The current in the conductor changes according to the law I = 3 + 2t. During the time t1 = 3 to t2 = 6 s, a number of electrons

The current in the conductor changes according to the law I = 3 + 2t. During the time t1 = 3 to t2 = 6 s, a number of electrons will pass through the cross-section of the conductor, equal to …

Given:

I (t) = 3 + 2 * t – the equation of the dependence of the current strength on time;

t1 = 3 seconds – time interval;

e = 1.6 * 10 ^ -19 – electron charge;

t2 = 6 seconds – time span.

It is required to determine how many electrons n will pass through the conductor during the time from t1 to t2.

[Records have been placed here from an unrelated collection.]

lemma leaf_support_in_TD_set:
  assumes "is_TD_set V E D" "sym E" "E \<subseteq> V \<times> V" "is_leaf E l" "(s, l) \<in> E"
  shows "s \<in> D"
proof -
  have "l \<in> V" using assms(3,5) by auto
  with assms(1) obtain z where "z \<in> D" "(l, z) \<in> E" by (rule TD_set_dominates)
  then have "z = s" using assms(2,4,5) by (meson leaf_unique_neighbour symD)
  with \<open>z \<in> D\<close> show ?thesis by simp
qed

lemma minimal_TD_set_leaf_only_nbr_of_support:
  assumes min: "minimal_TD_set V E D" and "a \<in> D" "is_leaf E a" "(s, a) \<in> E"
    and "b \<in> D" "(s, b) \<in> E"
  shows "b = a"
proof -
  obtain y where "(y, a) \<in> E" and y_private: "\<forall>z\<in>D. (y, z) \<in> E \<longrightarrow> z = a"
    using min \<open>a \<in> D\<close> by (rule minimal_TD_set_private_neighbour)
  have "y = s" using assms(3) \<open>(y, a) \<in> E\<close> assms(4) by (rule leaf_unique_neighbour)
  with y_private assms(5,6) show ?thesis by blast
qed

lemma vheight_le:
  assumes "is_leaf E l" "(v, l) \<in> E ^^ n"
  shows "vheight E v \<le> n"
  unfolding vheight_def using assms by (intro Least_le) blast

lemma vheight_le_tree_height: "finite V \<Longrightarrow> v \<in> V \<Longrightarrow> vheight E v \<le> tree_height V E"
  unfolding tree_height_def by simp

text \<open>Without leaves every vertex has the same unspecified height LEAST n. False.\<close>

lemma balanced_without_leaf_edgeless:
  assumes "balanced V E" "\<nexists>l. is_leaf E l"
  shows "E = {}"
proof (rule ccontr)
  assume "E \<noteq> {}"
  then obtain u v where "(u, v) \<in> E" by auto
  moreover have "vheight E u = vheight E v" using assms(2) by (simp add: vheight_def)
  ultimately show False using assms(1) by (auto simp: balanced_def)
qed

locale graph_with_leaf =
  fixes V :: "'a set" and E :: "('a \<times> 'a) set"
  assumes simple: "simple_graph V E"
    and connected: "connected_graph V E"
    and has_leaf: "\<exists>l. is_leaf E l"
begin

lemma finite_V: "finite V"
  and edges_in_V: "E \<subseteq> V \<times> V"
  and sym_E: "sym E"
  using simple by (auto simp: simple_graph_def)

lemma edge_sym: "(u, v) \<in> E \<Longrightarrow> (v, u) \<in> E"
  using sym_E by (rule symD)

lemma vheight_attained:
  assumes "v \<in> V"
  obtains l where "is_leaf E l" "(v, l) \<in> E ^^ vheight E v"
proof -
  obtain l0 u where "is_leaf E l0" "u \<in> nbhd E l0"
    using has_leaf by (fastforce simp: is_leaf_def card_1_singleton_iff)
  then have "l0 \<in> V" using edges_in_V by (auto simp: nbhd_def)
  then have "(v, l0) \<in> E\<^sup>*" using connected assms by (auto simp: connected_graph_def)
  then obtain n where "(v, l0) \<in> E ^^ n" using rtrancl_power by blast
  with \<open>is_leaf E l0\<close> have "\<exists>n l. is_leaf E l \<and> (v, l) \<in> E ^^ n" by blast
  then have "\<exists>l. is_leaf E l \<and> (v, l) \<in> E ^^ vheight E v"
    unfolding vheight_def by (rule LeastI_ex)
  then show ?thesis using that by blast
qed
lemma companion_block_split:
  fixes cs :: "'a::{finite,field} vec"
  assumes two: "(2::'a) \<noteq> 0" and q5: "card (UNIV :: 'a set) \<ge> 5" and k: "1 \<le> k"
    and B: "B = companion_mat k cs \<or> B = transpose_mat (companion_mat k cs)"
  shows "\<exists>Db Mb. Db \<in> carrier_mat k k \<and> Mb \<in> carrier_mat k k \<and> B = Db + Mb \<and> Mb * Mb = 0\<^sub>m k k \<and>
    (\<forall>u \<in> carrier_vec k. u \<in> eigen_sums Db (1\<^sub>m k) UNIV k)"
proof -
  obtain Dc Mc S where Dc: "Dc \<in> carrier_mat k k" and Mc: "Mc \<in> carrier_mat k k"
    and sum: "companion_mat k cs = Dc + Mc" and sq: "Mc * Mc = 0\<^sub>m k k" and dist: "distinct S"
    and an: "shift_prod Dc k S = 0\<^sub>m k k"
    using companion_mat_split[OF two q5 k, of cs] by blast
  show ?thesis
  proof (cases "B = companion_mat k cs")
    case True
    thus ?thesis using Dc Mc sum sq eigen_sums_if_shift_prod_zero[OF Dc dist an] by blast
  next
    case False
    hence BT: "B = transpose_mat (companion_mat k cs)" using B by simp
    have DcT: "transpose_mat Dc \<in> carrier_mat k k" and McT: "transpose_mat Mc \<in> carrier_mat k k"
      using Dc Mc by auto
    have "B = transpose_mat Dc + transpose_mat Mc" unfolding BT sum using transpose_add[OF Dc Mc] by simp
    moreover have "transpose_mat Mc * transpose_mat Mc = 0\<^sub>m k k"
      using transpose_mult[OF Mc Mc] sq by simp
    moreover have "shift_prod (transpose_mat Dc) k S = 0\<^sub>m k k"
      unfolding shift_prod_transpose[OF Dc] an by simp
    ultimately show ?thesis using DcT McT eigen_sums_if_shift_prod_zero[OF DcT dist] by blast
  qed
qed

From the equation of the dependence of the current strength on time, we see that the current strength changes in a linear manner. Then, the total charge passed during this time will be equal to:

I1 = 3 + 2 * t1 = 3 + 2 * 3 = 3 + 6 = 9 Amperes;

I2 = 3 + 2 * t2 = 3 + 2 * 6 = 3 + 12 = 15 Amperes;

dt = t2 – t1 = 6 – 3 = 3 seconds;

Q = I1 * dt + dt * (I2 – I1) / 2 = 9 * 3 + 3 * (15 – 9) / 2 = 27 + 9 = 36 Coulomb.

Then the number of electrons will be equal to:

n = Q / q = 36 / (1.6 * 10 ^ -19) = 22.5 * 10 ^ 19 = 2.25 * 10 ^ 20.

Answer: The number of electrons is 2.25 * 10 ^ 20.